乗車券は出発駅〜米原駅、米原駅〜長浜駅で区切る
乗車券は出発駅〜米原駅、米原駅〜長浜駅で区切る必要があります。
理由は、大阪駅から長浜駅の乗車券は営業キロ数100kmを超えていますが、途中下車(旅行の途中で改札を出ること)ができないためです。
※大阪駅〜長浜駅は大阪近郊区間に含まれます。大都市近郊区間では100kmを超える乗車券であっても下車前途無効(途中下車不可)となります。
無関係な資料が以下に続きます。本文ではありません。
(* Let $\nu\ge1$, $d:\mathbb{Z}^\nu\to\mathbb{C}$ bounded, $J=J_0+D$ on $\ell^2(\mathbb{Z}^\nu)$, and let $u\in\ell^2(\mathbb{Z}^\nu)$, $u\ne0$, satisfy $Ju=\lambda u$ for some $\lambda\in\mathbb{C}$. Then for every $j\in\{1,\dots,\nu\}$, $$\sup\{k_j: k\in\operatorname{supp}(u)\}=\infty\quad\text{and}\quad\inf\{k_j:k\in\operatorname{supp}(u)\}=-\infty,$$ where $k_j$ denotes the $j$-th component of $k\in\mathbb{Z}^\nu$ and $\operatorname{supp}(u)=\{k\in\mathbb{Z}^\nu:u(k)\ne0\}$.
   Context: $J_0$ is the discrete Laplacian on $\ell^2(\mathbb{Z}^\nu)$: $(J_0u)(k)=\sum_{l\in\mathbb{Z}^\nu:\|l\|_1=1}u(k+l)$, where $\|l\|_1=\sum_{j=1}^\nu|l_j|$. $D$ is multiplication by the bounded function $d$, $(Du)(k)=d(k)u(k)$. *)

theory Defs
  imports "HOL-Analysis.Analysis"
begin

text \<open>Points of Z^nu are vectors of type int ^ 'n, where the finite type 'n
  has CARD('n) = nu elements (nu \<ge> 1 is automatic since types are nonempty).\<close>

definition l1norm :: "int ^ 'n \<Rightarrow> int" where
  "l1norm l = (\<Sum>j\<in>UNIV. \<bar>l $ j\<bar>)"

definition J0 :: "(int ^ 'n \<Rightarrow> complex) \<Rightarrow> (int ^ 'n \<Rightarrow> complex)" where
  "J0 u k = (\<Sum>l\<in>{l. l1norm l = 1}. u (k + l))"

definition Dmul :: "(int ^ 'n \<Rightarrow> complex) \<Rightarrow> (int ^ 'n \<Rightarrow> complex) \<Rightarrow> (int ^ 'n \<Rightarrow> complex)" where
  "Dmul d u k = d k * u k"

definition Jac :: "(int ^ 'n \<Rightarrow> complex) \<Rightarrow> (int ^ 'n \<Rightarrow> complex) \<Rightarrow> (int ^ 'n \<Rightarrow> complex)" where
  "Jac d u = (\<lambda>k. J0 u k + Dmul d u k)"

definition is_l2 :: "(int ^ 'n \<Rightarrow> complex) \<Rightarrow> bool" where
  "is_l2 u \<longleftrightarrow> (\<lambda>k. (norm (u k))\<^sup>2) summable_on UNIV"

definition supp :: "(int ^ 'n \<Rightarrow> complex) \<Rightarrow> (int ^ 'n) set" where
  "supp u = {k. u k \<noteq> 0}"

end

theory Submission
  imports Defs
begin

(* Suppose the support of u is bounded in some coordinate
   direction, say s * k$j <= M on supp u for a sign s in {1,-1}.  Take a support
   point k that is extremal, i.e. maximises s * k$j, and look at the point
   p = k + s e_j just outside the support.  Among the 2 nu neighbours p + l of p
   (l a unit step), only p - s e_j = k can lie in the support, since every other
   step does not decrease s * (.)$j.  Hence (J0 u)(p) = u(k) <> 0 while u(p) = 0,
   which contradicts the eigenvalue equation (J0 u)(p) = (lam - d p) u(p). *)

abbreviation unit_steps :: "(int ^ 'n) set" where
  "unit_steps \<equiv> {l. l1norm l = 1}"

lemma unit_step_component_bound:
  assumes "l \<in> unit_steps"
  shows "\<bar>l $ j\<bar> \<le> 1"
  using member_le_sum[of j UNIV "\<lambda>i. \<bar>l $ i\<bar>"] assms by (simp add: l1norm_def)

lemma finite_unit_steps: "finite (unit_steps :: (int ^ 'n) set)"
proof (rule finite_subset)
  show "(unit_steps :: (int ^ 'n) set) \<subseteq> vec_lambda ` (PiE UNIV (\<lambda>_. {-1..1::int}))"
  proof
    fix l :: "int ^ 'n"
    assume "l \<in> unit_steps"
    then have "\<bar>l $ i\<bar> \<le> 1" for i by (rule unit_step_component_bound)
    then have "vec_nth l \<in> PiE UNIV (\<lambda>_. {-1..1::int})"
      by (auto simp: PiE_UNIV_domain abs_le_iff)
    then show "l \<in> vec_lambda ` (PiE UNIV (\<lambda>_. {-1..1::int}))"
      by (metis image_eqI vec_nth_inverse)
  qed
  show "finite (vec_lambda ` (PiE UNIV (\<lambda>_. {-1..1::int})) :: (int ^ 'n) set)"
    by (intro finite_imageI finite_PiE) auto
qed

lemma axis_unit_step:
  assumes "s \<in> {1, -1::int}"
  shows "(- axis j s :: int ^ 'n) \<in> unit_steps"
proof -
  have "(\<Sum>i\<in>UNIV. \<bar>(- axis j s :: int ^ 'n) $ i\<bar>) = (\<Sum>i\<in>UNIV. if i = j then 1 else 0)"
    using assms by (intro sum.cong) (auto simp: axis_def)
  then show ?thesis by (simp add: l1norm_def)
qed

lemma unit_step_eq_axis:
  assumes l: "l \<in> unit_steps" and lj: "l $ j = - s" and s: "s \<in> {1, -1::int}"
  shows "l = - axis j s"
proof -
  have "\<bar>l $ j\<bar> + (\<Sum>i\<in>UNIV - {j}. \<bar>l $ i\<bar>) = 1"
    using l by (simp add: l1norm_def sum.remove)
  moreover have "\<bar>l $ j\<bar> = 1" using lj s by auto
  ultimately have "(\<Sum>i\<in>UNIV - {j}. \<bar>l $ i\<bar>) = 0" by simp
  then have "\<forall>i\<in>UNIV - {j}. l $ i = 0"
    by (subst (asm) sum_nonneg_eq_0_iff) auto
  then show ?thesis using lj by (auto simp: vec_eq_iff axis_def)
qed

lemma unit_step_signed_component_nonneg:
  assumes l: "l \<in> unit_steps" and ne: "l \<noteq> - axis j s" and s: "s \<in> {1, -1::int}"
  shows "s * l $ j \<ge> 0"
proof -
  have "\<bar>s * l $ j\<bar> \<le> 1"
    using unit_step_component_bound[OF l, of j] s by (auto simp: abs_mult)
  moreover have "s * l $ j \<noteq> -1"
    using unit_step_eq_axis[OF l _ s] ne s by auto
  ultimately show ?thesis by linarith
qed

lemma extremal_support_point:
  fixes u :: "int ^ 'n \<Rightarrow> 'a::zero"
  assumes bd: "\<And>k. u k \<noteq> 0 \<Longrightarrow> s * k $ j \<le> M" and nz: "u k0 \<noteq> 0"
  obtains k where "u k \<noteq> 0" and "\<And>k'. u k' \<noteq> 0 \<Longrightarrow> s * k' $ j \<le> s * k $ j"
proof -
  define T where "T = (\<lambda>k. s * k $ j) ` {k. u k \<noteq> 0} \<inter> {s * k0 $ j..}"
  have "T \<subseteq> {s * k0 $ j..M}" using bd by (auto simp: T_def)
  then have fin: "finite T" by (rule finite_subset) simp
  have k0T: "s * k0 $ j \<in> T" using nz by (auto simp: T_def)
  then have "Max T \<in> T" using fin by (intro Max_in) auto
  then obtain k where "u k \<noteq> 0" and "s * k $ j = Max T" by (auto simp: T_def)
  moreover have "s * k' $ j \<le> Max T" if "u k' \<noteq> 0" for k'
  proof (cases "s * k0 $ j \<le> s * k' $ j")
    case True
    then show ?thesis using that fin by (intro Max_ge) (auto simp: T_def)
  next
    case False
    then show ?thesis using Max_ge[OF fin k0T] by simp
  qed
  ultimately show ?thesis using that by metis
qed

lemma J0_beyond_extremal_point:
  fixes u :: "int ^ 'n \<Rightarrow> complex"
  assumes s: "s \<in> {1, -1::int}"
    and mx: "\<And>k'. u k' \<noteq> 0 \<Longrightarrow> s * k' $ j \<le> s * k $ j"
  shows "J0 u (k + axis j s) = u k"
proof -
  define p where "p = k + axis j s"
  define a :: "int ^ 'n" where "a = - axis j s"
  have ss: "s * s = 1" using s by auto
  have pj: "s * p $ j = s * k $ j + 1" using ss by (simp add: p_def axis_def algebra_simps)
  have outside: "u (p + l) = 0" if "l \<in> unit_steps - {a}" for l
  proof -
    have "s * l $ j \<ge> 0"
      using unit_step_signed_component_nonneg[of l j s] that s by (simp add: a_def)
    then have "s * (p + l) $ j > s * k $ j" using pj by (simp add: algebra_simps)
    then show ?thesis using mx by force
  qed
  have "J0 u p = u (p + a) + (\<Sum>l\<in>unit_steps - {a}. u (p + l))"
    unfolding J0_def
    using sum.remove[OF finite_unit_steps axis_unit_step[OF s], of "\<lambda>l. u (p + l)" j]
    by (simp add: a_def)
  also have "\<dots> = u k" using outside by (simp add: p_def a_def)
  finally show ?thesis by (simp add: p_def)
qed

text \<open>Half-space lemma: a nonzero u for which J0 u vanishes wherever u vanishes
  (in particular any eigenfunction of J0 + D) cannot have support contained in a
  half-space \<open>s \<cdot> k$j \<le> M\<close>.\<close>
lemma support_not_in_half_space:
  fixes u :: "int ^ 'n \<Rightarrow> complex"
  assumes local_eq: "\<And>p. u p = 0 \<Longrightarrow> J0 u p = 0"
    and s: "s \<in> {1, -1::int}"
    and bd: "\<And>k. u k \<noteq> 0 \<Longrightarrow> s * k $ j \<le> M"
    and nz: "u k0 \<noteq> 0"
  shows False
proof -
  obtain k where uk: "u k \<noteq> 0" and mx: "\<And>k'. u k' \<noteq> 0 \<Longrightarrow> s * k' $ j \<le> s * k $ j"
    using extremal_support_point[of u s j M k0] bd nz by blast
  have "s * (k + axis j s) $ j = s * k $ j + s * s" by (simp add: axis_def algebra_simps)
  moreover have "s * s = 1" using s by auto
  ultimately have "u (k + axis j s) = 0" using mx[of "k + axis j s"] by force
  then have "J0 u (k + axis j s) = 0" by (rule local_eq)
  then show False using J0_beyond_extremal_point[OF s mx] uk by simp
qed

theorem mainTheorem4:
  fixes d u :: "int ^ 'n \<Rightarrow> complex" and lam :: complex
  assumes "bounded (range d)"
    and "is_l2 u"
    and "u \<noteq> (\<lambda>_. 0)"
    and "Jac d u = (\<lambda>k. lam * u k)"
  shows "\<forall>j. (\<forall>M::int. \<exists>k\<in>supp u. k $ j > M) \<and> (\<forall>M::int. \<exists>k\<in>supp u. k $ j < M)"
proof -
  have "J0 u k = (lam - d k) * u k" for k
    using fun_cong[OF assms(4), of k] by (simp add: Jac_def Dmul_def algebra_simps)
  then have local_eq: "u p = 0 \<Longrightarrow> J0 u p = 0" for p by simp
  obtain k0 where nz: "u k0 \<noteq> 0" using assms(3) by auto
  have above: "\<exists>k\<in>supp u. k $ j > M" for j M
    using support_not_in_half_space[OF local_eq, of 1 j M k0] nz
    by (force simp: supp_def not_less)
  have below: "\<exists>k\<in>supp u. k $ j < M" for j M
    using support_not_in_half_space[OF local_eq, of "-1" j "-M" k0] nz
    by (force simp: supp_def not_less)
  show ?thesis using above below by blast
qed

end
この区間は経路を新幹線経由にしても同様となります。
ややこしくなってきたため、実施することを整理します。
事前に実施すること
✔ 北陸おでかけパスをe5489で予約する(出発日の3日前まで)
当日に実施すること
✔ 出発地から新大阪駅、または京都駅に向かう
✔ 新大阪駅〜米原駅の新幹線特急券を購入する(新幹線に乗車する場合のみ)
✔ 米原駅〜金沢駅の特急券を購入する
✔ 出発駅〜米原駅の乗車券を購入する
✔ 大阪駅から新快速に乗車する(新幹線を利用する場合は新大阪駅で乗り換える)
✔ 米原駅で改札を出る
当日米原駅で実施すること
✔ みどりの券売機で北陸おでかけパスを受け取る
✔ みどりの券売機、もしくは通常の券売機で長浜駅までの乗車券を購入する
✔ しらさぎ号に乗車する
気になる運賃比較(大阪駅から金沢駅まで)
大阪駅から出発する場合
サンダーバード号を利用する・通常購入
- 乗車券(大阪駅〜金沢駅):4,840円
- 在来線自由席特急券(大阪駅〜金沢駅):7,260円
合計:7,260円
米原駅まで新快速を利用する・通常購入
- 乗車券(大阪駅〜金沢駅):4,840円
- 在来線自由席特急券(米原駅〜金沢駅):2,200円
合計:7,040円
新幹線を利用する且つ米原駅を経由する・通常購入
- 乗車券(大阪駅〜金沢駅):4,840円
- 新幹線自由席特急券(新大阪駅〜米原駅):2,530円
- 在来線自由席特急券(米原駅〜金沢駅):1,100円 ※乗継割引適用
合計:8,470円
米原駅まで新快速に乗車し北陸おでかけパスを利用する
- 乗車券(大阪駅〜米原駅):1,980円
- 北陸おでかけパス:2,580円
- 乗車券(米原駅〜長浜駅):200円
- 在来線自由席特急券(米原駅〜金沢駅):2,200円 ※乗継割引適用
合計:6,960円
米原駅まで新幹線に乗車し北陸おでかけパスを利用する
- 乗車券(大阪駅〜米原駅):1,980円
- 北陸おでかけパス:2,580円
- 乗車券(米原駅〜長浜駅):200円
- 新幹線自由席特急券(新大阪駅〜米原駅):2,530円
- 在来線自由席特急券(米原駅〜金沢駅):1,100円 ※乗継割引適用
合計:8,390円
以上の結果から、前述したお得に利用するための条件が見えてきます。
- 片道の場合は金沢駅より先へ行くこと
- 日帰りの場合は往復で北陸おでかけパスを利用すること
例えば、片道の場合は金沢駅より先の和倉温泉駅、IRいしかわ鉄道とあいの風とやま鉄道線を利用して富山駅を目指す場合は北陸おでかけパスを使用することでお得に移動することができます。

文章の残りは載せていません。